I'm looking forward to another train ride next month on the SWC and get to ride on the Pacific Surfliner also woohoo, can't wait!


----------



## Amtrak839

I usually get the Amsteak. I've had one or two that have been pretty bad. Overall they've been pretty good though. My Thanksgiving Amsteak on train 97 last year was actually one of the best I've had in a while.


----------



## Green Maned Lion

I always order with the instructions: "Bloody rare." So far, I have gotten what I asked for and it has been delicious. I like my meat red and juicy in the middle. That's how I cook it on my grill at home, and thats how I order it on Amtrak. I have always loved the flat iron. My girlfriend was mildly disappointed with the one we had on the Capitol Limited a few weeks ago, though.


----------



## sunchaser

Green Maned Lion said:


> I always order with the instructions: "Bloody rare." So far, I have gotten what I asked for and it has been delicious. I like my meat red and juicy in the middle. That's how I cook it on my grill at home, and thats how I order it on Amtrak. I have always loved the flat iron. My girlfriend was mildly disappointed with the one we had on the Capitol Limited a few weeks ago, though.

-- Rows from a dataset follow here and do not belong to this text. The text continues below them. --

(* Let $X$ be a Euclidean polyhedral space, $U\subset X$ open, and $f$ a piecewise affine function on $U$. (1) If $f$ is locally strongly concave, then $f$ is concave. (2) If $X$ has pure dimension and $U$ is balanced and $f$ is concave, then $f$ is weakly concave.
   Context: Polyhedral spaces. Let $X$ be a second countable topological space. A polyhedral structure $\Pi$ on $X$ is a locally finite covering of $X$ by distinct closed subsets $\sigma$ (the polyhedra of $\Pi$), each equipped with a finite-dimensional vector space $M_\sigma$ of continuous real functions on $\sigma$ such that, with $N_\sigma=\operatorname{Hom}(M_\sigma,\mathbb{R})$, the evaluation map $\phi_\sigma\colon\sigma\to N_\sigma$ is a homeomorphism onto a full-dimensional convex polyhedron of an affine hyperplane $H_\sigma\subset N_\sigma$ not containing $0$. Faces of $\sigma$ are the preimages under $\phi_\sigma$ of faces of $\phi_\sigma(\sigma)$ (the empty set is a face). One requires that every face of a polyhedron of $\Pi$ is a polyhedron of $\Pi$ whose function space consists of the restrictions of the functions in $M_\sigma$, and that any two polyhedra intersect in a common face. Via $\phi_\sigma$, each polyhedron inherits an affine structure, a dimension, faces, facets, and a relative interior. $\Pi'$ is a subdivision of $\Pi$ if every polyhedron of $\Pi'$ is contained in a polyhedron of $\Pi$ with affine inclusion; two structures are equivalent if they have a common subdivision. A polyhedral space is $X$ with an equivalence class of polyhedral structures; a polyhedral complex on $X$ is a member of this class. $X$ has pure dimension $n$ if all maximal polyhedra of a polyhedral complex on it have dimension $n$. We write $\tau\prec\sigma$ if $\tau$ is a face of $\sigma$. Euclidean polyhedral spaces. A Euclidean polyhedral space is a polyhedral space $X$ with a finite-dimensional real vector space $N_X$ with Euclidean inner product and a map $\iota\colon X\to N_X$ with image in an affine hyperplane $H_X$ not containing $0$, such that some polyhedral complex on $X$ has $\iota$ injective and affine on each polyhedron; only such complexes are called polyhedral complexes on $X$. For a nonempty facet $\tau$ of $\sigma\in\Pi$, $v_{\sigma\setminus\tau}$ is the unit vector orthogonal to the affine span of $\iota(\tau)$, parallel to that of $\iota(\sigma)$, pointing towards $\iota(\sigma)$. Weights, cycles, products. For $U$ open, $\Pi|_U$ is the set of polyhedra of $\Pi$ meeting $U$, $\Pi|_U(k)$ those of dimension $k$. A $k$-dimensional weight on $\Pi|_U$ is a map $c\colon\Pi|_U(k)\to\mathbb{R}$; it is positive if $c\ge0$, and a Minkowski weight if $\sum_{\sigma\in\Pi|_U(k),\sigma\succ\tau}c(\sigma)v_{\sigma\setminus\tau}=0$ for every $\tau\in\Pi|_U(k-1)$. A piecewise affine function on $U$ defined on $\Pi$ is $f\colon U\to\mathbb{R}$ with $f|_{\sigma\cap U}$ affine for every $\sigma\in\Pi|_U$; write $f=f_\sigma\circ\iota$ on $\sigma\cap U$ with $f_\sigma$ linear on $N_X$. $f$ is piecewise affine on $U$ if it is defined on some polyhedral complex. The product is $(f\cdot c)(\tau)=-\sum_{\sigma\in\Pi|_U(k),\sigma\succ\tau}c(\sigma)f_\sigma(v_{\sigma\setminus\tau})$. If $\Pi'$ subdivides $\Pi$, the pullback $c_{\Pi'}$ assigns to $\sigma'\in\Pi'|_U(k)$ the value $c(\sigma)$ if $\sigma'\subset\sigma\in\Pi|_U(k)$ and $0$ otherwise. The group $Z_k(U)$ of $k$-dimensional Minkowski cycles is the direct limit of the Minkowski weights on $\Pi|_U$ over all polyhedral complexes under pullback; a cycle is positive if represented by a positive Minkowski weight; $f\cdot[c]=[f\cdot c]$. Concavity. A piecewise affine $f$ on $U$ is strongly concave if there is a function $f'\colon H_X\to\mathbb{R}\cup\{\pm\infty\}$ with convex hypograph $\{(y,z): z\le f'(y)\}$ such that $f=f'\circ\iota$ on $U$; locally strongly concave if there is an open cover $U=\bigcup U_i$ with each $f|_{U_i}$ strongly concave. $f$ is concave if for every open $V\subset U$ and every positive Minkowski cycle $\gamma$ on $V$, $f\cdot\gamma$ is positive. When $X$ has pure dimension $n$, a balancing condition on $U$ is an $n$-dimensional Minkowski cycle $\beta_U$ on $U$ represented by a Minkowski weight $b$ on some $\Pi|_U$ with $b(\sigma)>0$ for all $\sigma\in\Pi|_U(n)$; $U$ is then called balanced, and $f$ is weakly concave if $f\cdot\beta_U$ is positive. *)

theory Defs
  imports "HOL-Analysis.Analysis" "HOL-Library.Extended_Real"
begin

text \<open>The space X is the type 'a (a second countable
topological space), N_X is the Euclidean space 'n, iota is the map X -> N_X and H is the
affine hyperplane H_X.  Since only polyhedral complexes on which iota is injective and affine
are considered, the affine structure (function space M_s) of a cell s is the pull-back
along iota; hence a cell is described just by the subset s of X.\<close>

definition is_face :: "('a \<Rightarrow> 'n::euclidean_space) \<Rightarrow> 'a set \<Rightarrow> 'a set \<Rightarrow> bool" where
  "is_face iota t s \<longleftrightarrow> t \<subseteq> s \<and> (iota ` t) face_of (iota ` s)"

definition cell_dim :: "('a \<Rightarrow> 'n::euclidean_space) \<Rightarrow> 'a set \<Rightarrow> int" where
  "cell_dim iota s = aff_dim (iota ` s)"

definition eucl_complex :: "('a::topological_space \<Rightarrow> 'n::euclidean_space) \<Rightarrow> 'a set set \<Rightarrow> bool" where
  "eucl_complex iota P \<longleftrightarrow>
     \<Union>P = UNIV \<and>
     (\<forall>x. \<exists>W. open W \<and> x \<in> W \<and> finite {s\<in>P. s \<inter> W \<noteq> {}}) \<and>
     (\<forall>s\<in>P. closed s \<and> inj_on iota s \<and>
        (\<exists>g. homeomorphism s (iota ` s) iota g) \<and> polyhedron (iota ` s)) \<and>
     (\<forall>s\<in>P. \<forall>t. is_face iota t s \<and> t \<noteq> {} \<longrightarrow> t \<in> P) \<and>
     (\<forall>s\<in>P. \<forall>s'\<in>P. is_face iota (s \<inter> s') s \<and> is_face iota (s \<inter> s') s')"

text \<open>Subdivision (the inclusions are automatically affine, both being given by iota).\<close>
definition subdivides :: "'a set set \<Rightarrow> 'a set set \<Rightarrow> bool" where
  "subdivides P' P \<longleftrightarrow> (\<forall>s'\<in>P'. \<exists>s\<in>P. s' \<subseteq> s)"

text \<open>Polyhedral complexes on X: Euclidean complexes equivalent to the reference complex P0.\<close>
definition complex_on :: "('a::topological_space \<Rightarrow> 'n::euclidean_space) \<Rightarrow> 'a set set \<Rightarrow> 'a set set \<Rightarrow> bool" where
  "complex_on iota P0 P \<longleftrightarrow> eucl_complex iota P \<and>
     (\<exists>P''. eucl_complex iota P'' \<and> subdivides P'' P \<and> subdivides P'' P0)"

definition eucl_poly_space :: "('a::second_countable_topology \<Rightarrow> 'n::euclidean_space) \<Rightarrow> 'n set \<Rightarrow> 'a set set \<Rightarrow> bool" where
  "eucl_poly_space iota H P0 \<longleftrightarrow> eucl_complex iota P0 \<and>
     (\<exists>a b. a \<noteq> 0 \<and> b \<noteq> 0 \<and> H = {y. a \<bullet> y = b}) \<and> range iota \<subseteq> H"

definition restr :: "('a \<Rightarrow> 'n::euclidean_space) \<Rightarrow> 'a set set \<Rightarrow> 'a set \<Rightarrow> int \<Rightarrow> 'a set set" where
  "restr iota P U k = {s\<in>P. s \<inter> U \<noteq> {} \<and> cell_dim iota s = k}"

definition normal_vec :: "('a \<Rightarrow> 'n::euclidean_space) \<Rightarrow> 'a set \<Rightarrow> 'a set \<Rightarrow> 'n" where
  "normal_vec iota s t = (THE v. norm v = 1 \<and>
      v \<in> span {y - x | y x. y \<in> iota ` s \<and> x \<in> iota ` s} \<and>
      (\<forall>x\<in>iota ` t. \<forall>x'\<in>iota ` t. v \<bullet> (x - x') = 0) \<and>
      (\<exists>y\<in>iota ` s. \<exists>x\<in>iota ` t. v \<bullet> (y - x) > 0))"

definition minkowski :: "('a \<Rightarrow> 'n::euclidean_space) \<Rightarrow> 'a set set \<Rightarrow> 'a set \<Rightarrow> int \<Rightarrow> ('a set \<Rightarrow> real) \<Rightarrow> bool" where
  "minkowski iota P U k c \<longleftrightarrow>
     (\<forall>t\<in>restr iota P U (k - 1).
        (\<Sum>s\<in>{s\<in>restr iota P U k. is_face iota t s}. c s *\<^sub>R normal_vec iota s t) = 0)"

definition positive_weight :: "('a \<Rightarrow> 'n::euclidean_space) \<Rightarrow> 'a set set \<Rightarrow> 'a set \<Rightarrow> int \<Rightarrow> ('a set \<Rightarrow> real) \<Rightarrow> bool" where
  "positive_weight iota P U k c \<longleftrightarrow> (\<forall>s\<in>restr iota P U k. c s \<ge> 0)"

definition pw_affine_on :: "('a \<Rightarrow> 'n::euclidean_space) \<Rightarrow> 'a set set \<Rightarrow> 'a set \<Rightarrow> ('a \<Rightarrow> real) \<Rightarrow> bool" where
  "pw_affine_on iota P U f \<longleftrightarrow>
     (\<forall>s\<in>P. s \<inter> U \<noteq> {} \<longrightarrow> (\<exists>l::'n \<Rightarrow> real. linear l \<and> (\<forall>x\<in>s \<inter> U. f x = l (iota x))))"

I just checked Amtrak's sample menu- there's no info or clue that they are doing any substitution for the Flat Iron Steak.

I hope that there's plenty of steaks available in June.....Won't fool hubby with beef shanks


----------



## gswager

I've ordered flat iron steak and it was wonderful!


----------



## jim55

All I can say folks is "I got something other than a flat iron steak". The menue Asterick(*) did give them a license to steal and they did. Who ever at Amtrak level that suggested this shoud be .... I don't think "drawn and quartered" is politicaly correct... so take them out(as Gen Dreedle said) and Sho-- them. What worthless staff come up with these options? JIM


----------



## Long Train Runnin'

jim55 said:


> All I can say folks is "I got something other than a flat iron steak". The menue Asterick(*) did give them a license to steal and they did. Who ever at Amtrak level that suggested this shoud be .... I don't think "drawn and quartered" is politicaly correct... so take them out(as Gen Dreedle said) and Sho-- them. What worthless staff come up with these options? JIM


Money and maybe the vendor who provides Amtrak wtih food said this summer we won't be able to ensure we can get enough steaks to you for the peak but we can provide these other beef items instead. What's Amtrakt to do? They are kind of powerless, so they add the astrick and hope to keep people happy.


----------



## Larry H.

Well, another situation where amtrak is unprepared to handle a normal situation. Surly there are beef suppliers other than the one they have contracted with. Worse yet, if they are aware so far out in advance as to actually put it in the menu, then they are really falling down on the procurement job. Kind of like the toilets that every one but amtrak supervisors seem to know are a problem.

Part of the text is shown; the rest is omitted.